I thought it sounded familiar and it turns out commit 49a09a2df9c5077779912913fff6de01d6fdff19, post-v0.8.0.85, fixed the issue.

@line 600 in src\uqm\comm\melnorm\melnrom.c simply remove static const from TechSaleData tech_sale_catalog[] and rebuild.

onpon4 commented 3 years ago

Good to hear! I think it's probable that only the const part is problematic. In any case, I'll apply that quick fix on my end. Thanks!

🕵️

onpon4 commented 3 years ago

Ok, so, that specific change doesn't fix the problem on my end, so I assume that's not exactly what fixed it, but if you've verified that the latest git revision doesn't have the problem I'm okay with that.

🕵️

Serosis commented 3 years ago

Perhaps do a git clone of the most current of both this and the content repository and test on your end and maybe we can work our way back?

If the problem really isn't fixed I'd still like it to be. Just in case.

If you're not playing in HD nothing really changes much except for a few odds and ends.
Though HD is radically changed to how it was before.

onpon4 commented 3 years ago

Oh, I very much am using HD. 😅

When I get the spoons for it I'll give the latest git a try and see if it works right.

🕵️

Serosis commented 3 years ago

If you like how the original is scaled, you'll like the latest revision.

With custom border enabled image

onpon4 commented 3 years ago

Oh! Yeah, that's real nice. I'd forgotten that the HD mod changed the proportions so drastically.

🕵️

Serosis commented 3 years ago

Yeah, HD-mod scaled the UI between 2x and 3x while the rest was scaled 4x. Made for some odd design.

JoshuaPettus commented 3 years ago

The new ship looks awesome! Was never really happy with the old HD design. This is one is a lot closer to the original and looks cooler to boot!

Serosis commented 3 years ago

You can thank Jordan Lo for the new ship and its accompanying modules.

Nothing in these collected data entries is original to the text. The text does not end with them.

(* Let $G$ be a finite group of order $n\ge 3$, $k$ a positive integer, $a_1,\dots,a_k,b_1,\dots,b_k$ independent uniformly random elements of $G$, and for $(i,j)\in V=[k]\times[k]$ and $x\in G$ let $I_{(i,j)}(x)$ be the indicator of $\{x=a_ib_j \text{ or } x=b_ja_i\}$. Let $\Gamma=(V,E)$ be the graph with $(i,j)\sim(\ell,m)$ iff ($i=\ell$ and $j\ne m$) or ($i\ne \ell$ and $j=m$). For $x\ne y\in G$ let $\Gamma_{x,y}$ be the graph on $V\times\{x,y\}$ with $(v,z)\sim(u,z')$ iff $\{v,u\}\in E$, and $J(v,z)=I_v(z)$. Let $x\ne y\in G$. (1) Both $\Delta(\Gamma,\{I_v(x)\}_{v\in V})$ and $\Delta^*(\Gamma,\{I_v(x)\}_{v\in V})$ are at most $4\cdot\frac{k^3}{n^2}\exp\big(\frac{6k}{n-2}\big)$. (2) Both $\Delta(\Gamma_{x,y},\{J(v,z)\}_{(v,z)\in V\times\{x,y\}})$ and $\Delta^*(\Gamma_{x,y},\{J(v,z)\}_{(v,z)\in V\times\{x,y\}})$ are at most $16\cdot\frac{k^3}{n^2}\exp\big(\frac{12k}{n-2}\big)$.
   Context: $[k]=\{1,\dots,k\}$. For a vertex $w$ and a set $S$ of vertices, $w\sim S$ means there is an edge between $w$ and some element of $S$ (so this may include elements of $S$ themselves). For a family of Bernoulli random variables $\{X_i\}_{i\in W}$ and a graph $\Gamma$ on $W$, define $$\Delta(\Gamma,\{X_i\})=\frac12\sum_{i\in W}\sum_{j\sim i}\mathbb{E}[X_iX_j]\prod_{l\sim\{i,j\}}(1-\mathbb{E}[X_l])^{-1},$$ $$\Delta^*(\Gamma,\{X_i\})=\frac12\sum_{i\in W}\sum_{j\sim i}\mathbb{E}[X_i]\mathbb{E}[X_j]\prod_{l\sim\{i,j\}}(1-\mathbb{E}[X_l])^{-1}.$$ *)

theory Defs
  imports "HOL-Probability.Probability" "HOL-Algebra.Group"
begin

definition Delta :: "'s pmf \<Rightarrow> 'v set \<Rightarrow> ('v \<Rightarrow> 'v \<Rightarrow> bool) \<Rightarrow> ('v \<Rightarrow> 's \<Rightarrow> real) \<Rightarrow> real" where
  "Delta M W adj X = (1/2) * (\<Sum>i\<in>W. \<Sum>j\<in>{j\<in>W. adj i j}.
      measure_pmf.expectation M (\<lambda>\<omega>. X i \<omega> * X j \<omega>) *
      (\<Prod>l\<in>{l\<in>W. adj l i \<or> adj l j}. 1 / (1 - measure_pmf.expectation M (X l))))"

definition Delta_star :: "'s pmf \<Rightarrow> 'v set \<Rightarrow> ('v \<Rightarrow> 'v \<Rightarrow> bool) \<Rightarrow> ('v \<Rightarrow> 's \<Rightarrow> real) \<Rightarrow> real" where
  "Delta_star M W adj X = (1/2) * (\<Sum>i\<in>W. \<Sum>j\<in>{j\<in>W. adj i j}.
      measure_pmf.expectation M (X i) * measure_pmf.expectation M (X j) *
      (\<Prod>l\<in>{l\<in>W. adj l i \<or> adj l j}. 1 / (1 - measure_pmf.expectation M (X l))))"

definition sample :: "('a, 'b) monoid_scheme \<Rightarrow> nat \<Rightarrow> ((nat \<Rightarrow> 'a) \<times> (nat \<Rightarrow> 'a)) pmf" where
  "sample G k = pmf_of_set (({1..k} \<rightarrow>\<^sub>E carrier G) \<times> ({1..k} \<rightarrow>\<^sub>E carrier G))"

definition Vk :: "nat \<Rightarrow> (nat \<times> nat) set" where
  "Vk k = {1..k} \<times> {1..k}"

definition Ind :: "('a, 'b) monoid_scheme \<Rightarrow> 'a \<Rightarrow> nat \<times> nat \<Rightarrow> (nat \<Rightarrow> 'a) \<times> (nat \<Rightarrow> 'a) \<Rightarrow> real" where
  "Ind G x v \<omega> = (case v of (i, j) \<Rightarrow> case \<omega> of (a, b) \<Rightarrow>
      of_bool (x = a i \<otimes>\<^bsub>G\<^esub> b j \<or> x = b j \<otimes>\<^bsub>G\<^esub> a i))"

definition gam :: "nat \<times> nat \<Rightarrow> nat \<times> nat \<Rightarrow> bool" where
  "gam v u = (case v of (i, j) \<Rightarrow> case u of (l, m) \<Rightarrow>
      (i = l \<and> j \<noteq> m) \<or> (i \<noteq> l \<and> j = m))"

definition gam2 :: "(nat \<times> nat) \<times> 'a \<Rightarrow> (nat \<times> nat) \<times> 'a \<Rightarrow> bool" where
  "gam2 p q = gam (fst p) (fst q)"

definition Jv :: "('a, 'b) monoid_scheme \<Rightarrow> (nat \<times> nat) \<times> 'a \<Rightarrow> (nat \<Rightarrow> 'a) \<times> (nat \<Rightarrow> 'a) \<Rightarrow> real" where
  "Jv G p = Ind G (snd p) (fst p)"

end

theory Submission
  imports Defs
begin

text \<open>For fixed \<open>a\<^sub>i\<close> at most two values of \<open>b\<^sub>j\<close> satisfy \<open>t = a\<^sub>i b\<^sub>j\<close> or \<open>t = b\<^sub>j a\<^sub>i\<close>,
  so every indicator has mean at most \<open>2/n\<close>. Adjacent vertices of \<open>\<Gamma>\<close> share a row or a column,
  so a product of two adjacent indicators depends on three independent coordinates, and fixing the
  shared one leaves at most two choices for each of the others: its mean is at most \<open>4/n\<^sup>2\<close>.
  In the graph on \<open>V \<times> Z\<close> every vertex has at most \<open>2k|Z|\<close> neighbours and every edge at most
  \<open>3k|Z|\<close>, and each factor \<open>(1 - E[X\<^sub>l])\<^sup>-\<^sup>1 \<le> (1 - 2/n)\<^sup>-\<^sup>1 \<le> exp (2/(n - 2))\<close>. Multiplying out gives
  \<open>4|Z|\<^sup>2 k\<^sup>3/n\<^sup>2 \<cdot> exp (6k|Z|/(n - 2))\<close>; part (1) is the case \<open>Z = {x}\<close>.\<close>

lemma sum_PiE_coordinate:
  fixes h :: "'b \<Rightarrow> real"
  assumes "finite I" "i \<in> I"
  shows "(\<Sum>f\<in>I \<rightarrow>\<^sub>E A. h (f i)) = real (card A) ^ (card I - 1) * (\<Sum>y\<in>A. h y)"
proof -
  define J where "J = I - {i}"
  have J: "I = insert i J" "i \<notin> J" "finite J" "card J = card I - 1"
    using assms by (auto simp: J_def)
  have "(\<Sum>f\<in>I \<rightarrow>\<^sub>E A. h (f i)) = (\<Sum>(y, g)\<in>A \<times> (J \<rightarrow>\<^sub>E A). h y)"
    unfolding J(1) PiE_insert_eq
    by (subst sum.reindex) (use inj_combinator[OF J(2)] in \<open>auto simp: split_beta\<close>)
  also have "\<dots> = (\<Sum>y\<in>A. real (card A) ^ card J * h y)"
    using J(3) by (simp add: sum.cartesian_product[symmetric] card_PiE)
  finally show ?thesis by (simp add: J(4) sum_distrib_left)
qed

He's a ship creating genius: https://www.deviantart.com/haomaic/gallery/all

Serosis commented 3 years ago

Hey onpon4, have you done any more testing on this?

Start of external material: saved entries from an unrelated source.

(* Let $E=(A\subset B)\in\mathcal S$ have Klein tableau $\Pi=[\gamma^0,\ldots,\gamma^e;\varphi^2,\ldots,\varphi^e]$ and let $\ell\le e$ be a natural number. Then the embedding $E|^\ell=(A/p^\ell A\subset B/p^\ell A)$ has Klein tableau $$\Pi(E|^\ell)=[\gamma^0,\ldots,\gamma^\ell;\varphi^2,\ldots,\varphi^\ell]=\Pi|^\ell.$$
   Context: Let $R$ be a commutative principal ideal domain, $p$ a generator of a maximal ideal, $k=R/(p)$. A $p$-module is a finite-length $R$-module annihilated by some power of $p$. For a $p$-module $B$, $\mathrm{type}(B)$ is the partition $\beta$ with conjugate $\beta'_i=\dim_kp^{i-1}B/p^iB$. $\mathcal S$ is the category of embeddings $(A\subset B)$ of submodules in $p$-modules. Partitions are drawn with the $i$-th column of length equal to the $i$-th part, rows numbered from the top. Klein tableau of $E=(A\subset B)$, $e$ the exponent of $A$: $\Pi(E)=[\gamma^0,\ldots,\gamma^e;\varphi^2,\ldots,\varphi^e]$ with $\gamma^i=\mathrm{type}(B/p^iA)$, and $\varphi^\ell$ the unique map from the boxes of the skew diagram $\gamma^\ell\setminus\gamma^{\ell-1}$ to positive integers, weakly increasing from left to right in each row, such that for $r\ge1$ the number of boxes in row $m$ with value $r$ equals $(\gamma^{\ell,r})'_m-(\gamma^{\ell,r-1})'_m$, where $\gamma^{\ell,r}=\mathrm{type}\big(B/(p^\ell A+p(p^{\ell-2}A\cap p^rB))\big)$. For $\ell\le e$, the restriction is $\Pi|^\ell=[\gamma^0,\ldots,\gamma^\ell;\varphi^2,\ldots,\varphi^\ell]$. *)

theory Defs
  imports "HOL-Algebra.Algebra"
begin

definition pmult :: "('a, 'b) ring_scheme \<Rightarrow> ('a, 'c, 'd) module_scheme \<Rightarrow> 'a \<Rightarrow> nat \<Rightarrow> 'c set \<Rightarrow> 'c set"
  where "pmult R M p i U = (\<lambda>x. smult M (pow R p i) x) ` U"

definition quot_mod :: "('a, 'c, 'd) module_scheme \<Rightarrow> 'c set \<Rightarrow> ('a, 'c set) module"
  where "quot_mod M N = (undefined :: ('a, 'c set) module)
    \<lparr> carrier := A_RCOSETS M N,
      ring.zero := N,
      add := (\<lambda>U V. set_add M U V),
      smult := (\<lambda>r U. set_add M ((\<lambda>x. smult M r x) ` U) N) \<rparr>"

definition finite_length :: "('a, 'b) ring_scheme \<Rightarrow> ('a, 'c, 'd) module_scheme \<Rightarrow> bool"
  where "finite_length R M \<longleftrightarrow> (\<exists>n. \<forall>(C :: nat \<Rightarrow> 'c set) k.
      (\<forall>j\<le>k. submodule (C j) R M) \<and> (\<forall>j<k. C j \<subset> C (Suc j)) \<longrightarrow> k \<le> n)"

definition p_module :: "('a, 'b) ring_scheme \<Rightarrow> 'a \<Rightarrow> ('a, 'c, 'd) module_scheme \<Rightarrow> bool"
  where "p_module R p M \<longleftrightarrow> module R M \<and> finite_length R M \<and>
      (\<exists>n. \<forall>x\<in>carrier M. smult M (pow R p (n::nat)) x = ring.zero M)"

text \<open>Linear independence over k = R/(p) of a finite set S of elements of a module annihilated
  by p (coefficients in k lifted to R), and the k-dimension.\<close>
definition k_indep :: "('a, 'b) ring_scheme \<Rightarrow> 'a \<Rightarrow> ('a, 'c, 'd) module_scheme \<Rightarrow> 'c set \<Rightarrow> bool"
  where "k_indep R p M S \<longleftrightarrow> S \<subseteq> carrier M \<and>
     (\<forall>c \<in> S \<rightarrow> carrier R. finsum M (\<lambda>s. smult M (c s) s) S = ring.zero M \<longrightarrow> (\<forall>s\<in>S. c s \<in> cgenideal R p))"

definition k_dim :: "('a, 'b) ring_scheme \<Rightarrow> 'a \<Rightarrow> ('a, 'c, 'd) module_scheme \<Rightarrow> nat"
  where "k_dim R p M = (GREATEST n. \<exists>S. finite S \<and> card S = n \<and> k_indep R p M S)"

text \<open>A partition is a function nat => nat, parts indexed from 1 (value at 0 irrelevant / 0).
  Drawn with the i-th column of length the i-th part; the box in row m, column i is (m,i).\<close>
definition conjp :: "(nat \<Rightarrow> nat) \<Rightarrow> nat \<Rightarrow> nat"
  where "conjp \<alpha> j = card {i. 1 \<le> i \<and> j \<le> \<alpha> i}"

onpon4 commented 3 years ago

Sorry, forgot to follow up.

So I just tried, and I can't run the latest git code at all. I get a segfault any time I try to do anything (and there's no sound, not that I care about that really). I assume that's because of content incompatibility? I have no idea how to get it to work, tried deleting the config directory, tried installing it to a special place on my home directory… only thing I didn't try is using newer content but I have no idea how to do that.

🕵️

Serosis commented 3 years ago

To get the new content you git pull (or .zip download) the UQM-MegaMod-Content repository and stick its files into the MegaMod's content directory.

onpon4 commented 2 years ago

Sorry I didn't get back to you on this sooner. I just tried with the latest release and the problem seems to be fixed.

🦇